Dental pulp includes nerves, blood vessels, and lymphatic vessels, and it plays crucial roles in the delivery of nutrition to dental tissues. When infection and inflammation of dental pulp (caused by external injuries or the formation of dental caries) are found, diagnosis of dental pulp vitality becomes necessary. Direct diagnosis is difficult because the pulp is surrounded by hard tissues such as dentin and enamels, so vitality tests based on sensory nerve response to thermal or electrical stimulation have conventionally been used   .
These tests, however, can cause severe pain, and objective diagnosis is especially difficult in children, who sometimes show exaggerated responses to the tests. In addition, juvenile permanent teeth whose sensory nerves are still growing up sometimes show no response to the stimulation and this can cause a fatal error. Therefore a quantitative and noninvasive diagnosis of dental pulp vitality that replaces conventional test methods is strongly desired. Several groups have proposed a noninvasive diagnosis method based on optical pulse oximetry  -  , and we have recently shown its feasibility for pulp vitality tests  .
This method detects arterial pulses from dental pulp and the oxygen saturation of the dental pulp blood has inferred from the absorption spectra of those pulses. However, intensity of light transmitted through the tooth is usually very low because of the high scattering and absorption coefficients of dental hard tissues and this limits signal-to- noise ratio of detected signals. Here we propose to use a photoacoustic method to solve this problem because the photoacoustic analysis that detects acoustic waves generated by the absorption of incident light obtains signals from tissues deeper than those from which signals are obtained by methods based only on optical analyses.
Many types of photoacoustic imaging methods have proposed and developed as new diagnostic methods for a variety of organs  -  . Photoacoustic methods have had some dental applications. There have been some reports on the use of photoacoustic imaging for detecting dental caries  -  , and the use of photoacoustic tomography for imaging early caries has recently been proposed  . The photoacoustic method is also expected to be used for diagnosing the vitality of dental pulp in the dental tissue because of its ability to reach deeper tissues. In this report, results of photoacoustic analyses of the dental pulp of extracted teeth are shown.
2. Experiment and Results
As shown in Figure 1(a), an incisor tooth to be used as a sample in this test was split in half to expose the root cavity. Our research protocol was approved by the ethical committee of Tohoku University on the Use of Humans as Experimental Subjects. Without identifiers, the teeth samples donated from various individuals were washed in distilled water and stored in saline. In conventional photoacoustic systems, samples are usually dipped in water for acoustic impedance matching between the sample surface and the acoustic transducer. In our system, considering uses in clinical applications, an ultrasonic probe based on a composite transducer covered with a soft polymer was attached to the tooth surface. The diameter of the probe is 3 mm and the bandwidth and the central frequency are 6 MHz and 4.6 MHz, respectively. As shown in Figure 1(b), a laser beam irradiated the outside surface of the tooth sample, and the polymer probe was attached to the inside surface of the tooth. The root canal was filled with water and a 3% hemoglobin solution based on the results of our previous estimation of pulp chamber hematocrit  .

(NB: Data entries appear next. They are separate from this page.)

lemma delta_eq_sum:
  "delta \<beta> f = (\<Sum>m\<in>Poly_Mapping.keys f. cK (Poly_Mapping.lookup f m) * delta \<beta> (X m))"
  by (simp add: delta_def linext_def lookup_X)

lemma delta_cK_mult: "delta \<beta> (cK z * f) = cK z * delta \<beta> f"
proof (cases "z = 0")
  case True
  then show ?thesis
    by (simp add: delta_def linext_def)
next
  case False
  then show ?thesis
    unfolding delta_eq_sum[of _ "cK z * f"] delta_eq_sum[of _ f] keys_cK_mult[OF False]
    by (simp add: lookup_cK_mult cK_mult sum_distrib_left mult.assoc)
qed

lemma delta_iterate_cK_mult: "(delta \<beta> ^^ i) (cK z * f) = cK z * (delta \<beta> ^^ i) f"
  by (induction i) (simp_all add: delta_cK_mult)

lemma delta_X:
  "delta \<beta> (X (a, b, c, d)) =
     Poly_Mapping.single (a - 1, b + 1, c, d) (- of_nat a / 3)
   + Poly_Mapping.single (a + 2, b - 1, c, d) (- of_nat b / 2)
   + Poly_Mapping.single (a, b, c - 1, d + 1) (\<beta> * of_int (wt (a, b, c, d)))"
proof -
  have "pi_mon (a, b, c, d) = Poly_Mapping.single (a, b, c - 1, d + 1) (of_int (wt (a, b, c, d)))"
    unfolding pi_mon_def F2_def X_def cK_def by (simp only: mult_single) simp
  then show ?thesis
    by (simp add: delta_def linext_def X_def cK_def mult_single)
qed

lemma bracket_eq_sum_keys_subset:
  assumes "finite S" "Poly_Mapping.keys f \<subseteq> S" "finite T" "Poly_Mapping.keys g \<subseteq> T"
  shows "bracket \<beta> c n f g = (\<Sum>m1\<in>S. \<Sum>m2\<in>T.
           cK (Poly_Mapping.lookup f m1 * Poly_Mapping.lookup g m2) * bracket_mon \<beta> c n m1 m2)"
  unfolding bracket_def using assms
  by (intro sum.mono_neutral_cong_left sum.mono_neutral_left)
    (auto simp: in_keys_iff intro!: sum.neutral)

lemma bracket_add_left: "bracket \<beta> c n (f + g) h = bracket \<beta> c n f h + bracket \<beta> c n g h"
proof -
  let ?S = "Poly_Mapping.keys f \<union> Poly_Mapping.keys g"
  have "Poly_Mapping.keys (f + g) \<subseteq> ?S"
    by (rule keys_add)
  then show ?thesis
    by (simp add: bracket_eq_sum_keys_subset[of ?S _ "Poly_Mapping.keys h"] lookup_add
        distrib_left distrib_right cK_add sum.distrib)
qed

lemma bracket_add_right: "bracket \<beta> c n f (g + h) = bracket \<beta> c n f g + bracket \<beta> c n f h"
proof -
  let ?T = "Poly_Mapping.keys g \<union> Poly_Mapping.keys h"
  have "Poly_Mapping.keys (g + h) \<subseteq> ?T"
    by (rule keys_add)
  then show ?thesis
    by (simp add: bracket_eq_sum_keys_subset[of "Poly_Mapping.keys f" _ ?T] lookup_add
        distrib_left distrib_right cK_add sum.distrib)
qed

lemma bracket_single:
  "bracket \<beta> c n (Poly_Mapping.single m1 a) (Poly_Mapping.single m2 b) = cK (a * b) * bracket_mon \<beta> c n m1 m2"
  by (simp add: bracket_eq_sum_keys_subset[of "{m1}" _ "{m2}"])

lemma bracket_X: "bracket \<beta> c n (X m1) (X m2) = bracket_mon \<beta> c n m1 m2"
  using bracket_single[of \<beta> c n m1 1 m2 1] by (simp add: X_def)

lemma bracket_mon_0: "bracket_mon \<beta> c 0 m1 m2 = X (m1 + m2)"
  by (simp add: bracket_mon_def X_def mult_single)

lemma bracket_0: "bracket \<beta> c 0 f g = f * g"
  unfolding bracket_def bracket_mon_0 cK_mult_X by (rule mult_eq_sum_single[symmetric])

lemma bracket_mon_1:
  "bracket_mon \<beta> c 1 m1 m2 =
     cK (of_int (wt m1) + c * of_int (idx m1)) * (X m1 * delta \<beta> (X m2))
   - cK (of_int (wt m2) + c * of_int (idx m2)) * (delta \<beta> (X m1) * X m2)"
  by (simp add: bracket_mon_def cK_mult cK_uminus algebra_simps)

section \<open>Rescaling B\<close>

fun B_degree :: "mon \<Rightarrow> nat" where
  "B_degree (a, b, c, d) = d"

We first used a Q-switched YAG laser (Hamamatsu L11038) emitting light with a wavelength of 532 nm as the light source exciting photoacoustic waves because hemoglobin exhibits high absorption for this visible wavelength, resulting in photoacoustic signals with high intensities. The pulse width of the laser was 1.2 ns and the pulse repetition rate was 100 Hz. We set the pulse energy to 1 mJ to avoid damaging the tooth surface or the root cavities. Figure 2 shows waveforms of acoustic signals obtained
Figure 1. (a) Photograph of tooth sample split in half. (b) Sketch of measurement setup.

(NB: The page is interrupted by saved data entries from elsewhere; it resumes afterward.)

lemma max_Max_min_diff:
  fixes c m :: real and F :: "nat \<Rightarrow> real"
  assumes "finite I" and "0 \<le> m" "m \<le> c" and "\<forall>i\<in>I. 0 \<le> F i"
  shows "max (Max (insert 0 ((\<lambda>i. min c (F i)) ` I))) m - Max (insert 0 ((\<lambda>i. min c (F i)) ` I))
         = max 0 (m - Max (insert 0 (F ` I)))"
proof (cases "\<exists>i\<in>I. m \<le> F i")
  case True
  then obtain i where i: "i \<in> I" "m \<le> F i" by blast
  have "m \<le> min c (F i)" using i assms by simp
  also have "\<dots> \<le> Max (insert 0 ((\<lambda>i. min c (F i)) ` I))" using assms i by (intro Max_ge) auto
  finally have A: "m \<le> Max (insert 0 ((\<lambda>i. min c (F i)) ` I))" .
  have "m \<le> Max (insert 0 (F ` I))" using assms i by (intro Max_ge_iff[THEN iffD2]) auto
  then show ?thesis using A by simp
next
  case False
  then have "(\<lambda>i. min c (F i)) ` I = F ` I" using assms by (intro image_cong refl) auto
  then show ?thesis by simp
qed

lemma alpha_k_scaled:
  fixes x :: real and F :: "nat \<Rightarrow> real"
  assumes x: "x > 0" and F: "\<forall>j\<in>{1..k}. 0 \<le> F j"
    and r: "\<forall>j\<in>{1..k}. enn2real (min 1 (r_k M psi j z)) = min 1 (F j / x)"
  shows "j \<le> k \<Longrightarrow> alpha_k M psi j z * x = Max (insert 0 ((\<lambda>i. min x (F i)) ` {1..j}))"
proof (induction j)
  case (Suc j)
  have "max a b * x = max (a * x) (b * x)" for a b
    using x by (auto simp: max_def)
  moreover have "min 1 (F (Suc j) / x) * x = min x (F (Suc j))"
    using x by (auto simp: min_def field_simps)
  ultimately have "alpha_k M psi (Suc j) z * x = max (alpha_k M psi j z * x) (min x (F (Suc j)))"
    using r Suc.prems by simp
  moreover have "{1..Suc j} = insert (Suc j) {1..j}" by auto
  then have "Max (insert 0 ((\<lambda>i. min x (F i)) ` {1..Suc j})) =
      max (min x (F (Suc j))) (Max (insert 0 ((\<lambda>i. min x (F i)) ` {1..j})))"
    by (simp only: image_insert Max_insert_0_insert finite_imageI finite_atLeastAtMost)
  ultimately show ?case
    using Suc by (simp add: max.commute)
qed simp

lemma sets_nu_k[simp, measurable_cong]: "sets (nu_k M psi j) = sets M"
  by (simp add: nu_k_def)

locale reversible_map = prob_space M for M :: "state measure" +
  fixes psi :: "state \<Rightarrow> state"
  assumes sets_M[measurable_cong]: "sets M = sets borel"
    and distr_xi: "distr M M xi = M"
    and psi_measurable[measurable]: "psi \<in> borel_measurable borel"
    and psi_xi_psi: "\<And>z. psi (xi (psi z)) = xi z"
begin

lemma space_M[simp]: "space M = UNIV"
  using sets_eq_imp_space_eq[OF sets_M] by simp

lemma funpow_psi_measurable[measurable]: "psi ^^ j \<in> borel_measurable borel"
proof (induction j)
  case (Suc j)
  show ?case using measurable_comp[OF Suc.IH psi_measurable] by (simp add: comp_def)
qed simp

definition T :: "nat \<Rightarrow> state \<Rightarrow> state" where
  "T k = xi \<circ> psi ^^ k"

lemma comp_funpow_psi: "xi \<circ> psi ^^ j = T j"
  by (simp add: T_def)

lemma T_measurable[measurable]: "T k \<in> borel_measurable borel"
  unfolding T_def by measurable

lemma funpow_psi_xi: "(psi ^^ j) (xi ((psi ^^ j) z)) = xi z"
proof (induction j arbitrary: z)
  case (Suc j)
  have "(psi ^^ Suc j) (xi ((psi ^^ Suc j) z)) = psi ((psi ^^ j) (xi ((psi ^^ j) (psi z))))"
    by (simp add: funpow_swap1)
  also have "\<dots> = xi z" using Suc psi_xi_psi by simp
  finally show ?case .
qed simp

lemma T_T[simp]: "T k (T k z) = z"
  unfolding T_def using funpow_psi_xi by simp

lemma T_T_xi: "j \<le> k \<Longrightarrow> T k (T j (xi z)) = T (k - j) z"
proof -
  assume "j \<le> k"
  then have "psi ^^ k = psi ^^ (k - j) \<circ> psi ^^ j" by (simp add: funpow_add[symmetric])
  then show ?thesis unfolding T_def using funpow_psi_xi by simp
qed

abbreviation mu :: "nat \<Rightarrow> state measure" where
  "mu j \<equiv> distr M M (T j)"

lemma mu_0: "mu 0 = M"
  using distr_xi by (simp add: T_def)

lemma distr_mu: "j \<le> k \<Longrightarrow> distr (mu j) M (T k) = mu (k - j)"
proof -
  assume jk: "j \<le> k"
  have "distr (mu j) M (T k) = distr (distr M M xi) M (T k \<circ> T j)"
    using distr_xi by (simp add: distr_distr)
  also have "\<dots> = distr M M (T k \<circ> T j \<circ> xi)"
    by (simp add: distr_distr)
  also have "\<dots> = mu (k - j)"
    by (rule distr_cong) (simp_all add: T_T_xi[OF jk])
  finally show ?thesis .
qed

lemma emeasure_mu_UNIV: "emeasure (mu i) UNIV = 1"
  using emeasure_space_1 by (subst emeasure_distr) auto

primrec orbit_measure :: "nat \<Rightarrow> state measure" where
  "orbit_measure 0 = M"
| "orbit_measure (Suc j) = add_measure (orbit_measure j) (mu (Suc j))"

lemma sets_orbit_measure[simp, measurable_cong]: "sets (orbit_measure j) = sets M"
  by (induction j) simp_all

lemma space_orbit_measure[simp]: "space (orbit_measure j) = UNIV"
  using sets_eq_imp_space_eq[OF sets_orbit_measure[of j]] by simp

lemma emeasure_orbit_measure:
  "A \<in> sets M \<Longrightarrow> emeasure (orbit_measure j) A = (\<Sum>i\<le>j. emeasure (mu i) A)"
  by (induction j) (simp_all add: mu_0 emeasure_add_measure)

lemma finite_measure_orbit_measure: "finite_measure (orbit_measure k)"
  by (rule finite_measureI) (simp add: emeasure_orbit_measure emeasure_mu_UNIV)

lemma absolutely_continuous_orbit_measure:
  assumes "i \<le> k" shows "absolutely_continuous (orbit_measure k) (mu i)"
  unfolding absolutely_continuous_def
proof
  fix A assume A: "A \<in> null_sets (orbit_measure k)"
  then have "A \<in> sets M" by (simp add: null_sets_def)
  moreover have "(\<Sum>j\<le>k. emeasure (mu j) A) = 0"
    using A emeasure_orbit_measure[OF \<open>A \<in> sets M\<close>, of k] by (simp add: null_setsD1)
  ultimately show "A \<in> null_sets (mu i)" using assms by (simp add: null_sets_def)
qed

lemma distr_orbit_measure: "distr (orbit_measure k) (orbit_measure k) (T k) = orbit_measure k"
proof (rule measure_eqI)
  fix A assume "A \<in> sets (distr (orbit_measure k) (orbit_measure k) (T k))"
  then have A: "A \<in> sets M" by simp
  then have "T k -` A \<in> sets M"
    using measurable_sets[OF T_measurable, of A k] by (simp add: sets_M)
  with A have "emeasure (distr (orbit_measure k) (orbit_measure k) (T k)) A = (\<Sum>i\<le>k. emeasure (mu i) (T k -` A))"
    by (simp add: emeasure_distr emeasure_orbit_measure del: vimage_Int)
  also have "\<dots> = (\<Sum>i\<le>k. emeasure (distr (mu i) M (T k)) A)"
    using A by (simp add: emeasure_distr)
  also have "\<dots> = (\<Sum>i\<le>k. emeasure (mu (k - i)) A)"
    by (simp add: distr_mu)
  also have "\<dots> = (\<Sum>i\<le>k. emeasure (mu i) A)"
    using sum.atLeastAtMost_rev[of "\<lambda>i. emeasure (mu i) A" 0 k] by (simp add: atLeast0AtMost)
  finally show "emeasure (distr (orbit_measure k) (orbit_measure k) (T k)) A = emeasure (orbit_measure k) A"
    using A by (simp add: emeasure_orbit_measure)
qed simp

lemma finite_measure_nu_k: "finite_measure (nu_k M psi j)"
proof (rule finite_measureI)
  have "space (nu_k M psi j) = UNIV"
    using sets_eq_imp_space_eq[OF sets_nu_k[of M psi j]] by simp
  then show "emeasure (nu_k M psi j) (space (nu_k M psi j)) \<noteq> \<infinity>"
    by (simp add: nu_k_def comp_funpow_psi emeasure_add_measure emeasure_mu_UNIV)
qed

lemma r_k_measurable[measurable]: "r_k M psi j \<in> borel_measurable M"
  unfolding r_k_def[abs_def] Let_def comp_funpow_psi by measurable

lemma alpha_k_measurable[measurable]: "alpha_k M psi j \<in> borel_measurable M"
proof (induction j)
  case (Suc j)
  have "alpha_k M psi (Suc j) = (\<lambda>z. max (alpha_k M psi j z) (enn2real (min 1 (r_k M psi (Suc j) z))))"
    by (simp add: fun_eq_iff)
  then show ?case using Suc by simp
qed (simp add: alpha_k.simps(1)[abs_def])

lemma beta_k_measurable[measurable]: "beta_k M psi j \<in> borel_measurable M"
  unfolding beta_k_def[abs_def] by measurable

Figure 2. Waveforms of acoustic signals from split-tooth samples having water or a 3% hemoglobin solution in the root canals. The samples were excited by light with a wavelength 532 nm.
from a split-tooth sample with a cavity filled with water and from a sample filled with a hemoglobin solution having a concentration of 3%. One sees that there was no clear difference between the two waveforms. This is mainly because strong scattering in the enamel and dentin keeps light in the visible wavelength range from reaching the dental pulp. We therefore next used a laser with a wavelength of 1064 nm in the near infrared, expecting less scattering to results in greater penetration depths. The amplitudes of the signals detected were expected to be lower with the near-infrared excitation because of hemoglobin’s small absorption in the near-infrared, but by using a detection system with a high signal-to-noise ratio we were able to detect photoacoustic waves whenever the excitation laser beam reached the dental root.
Figure 3 shows the waveforms of acoustic signals detected when split-tooth samples whose root cavities were filled with water or a 3% hemoglobin solution were excited with 1064-nm light. The waveform from the sample with the hemoglobin solution shows high-frequency vibrations in addition to the low-frequency vibrations that are also seen in the sample with only water. We also found that the intensity of the high- frequency vibration increases with the hemoglobin concentration.
By calculating the Fourier transforms of the acoustic signals based on signals in Figure 3 from 0 to 80 μs, we obtained the frequency spectra of the detected acoustic signals as shown in Figure 4. It was found that many high-frequency components appear in the spectra of the hemoglobin-filled sample. These high-frequency vibrations seemed to be caused by photoacoustic waves excited in the hemoglobin solution. The heat transfer coefficient and absorption coefficient of hemoglobin are much larger than those of dental hard tissues.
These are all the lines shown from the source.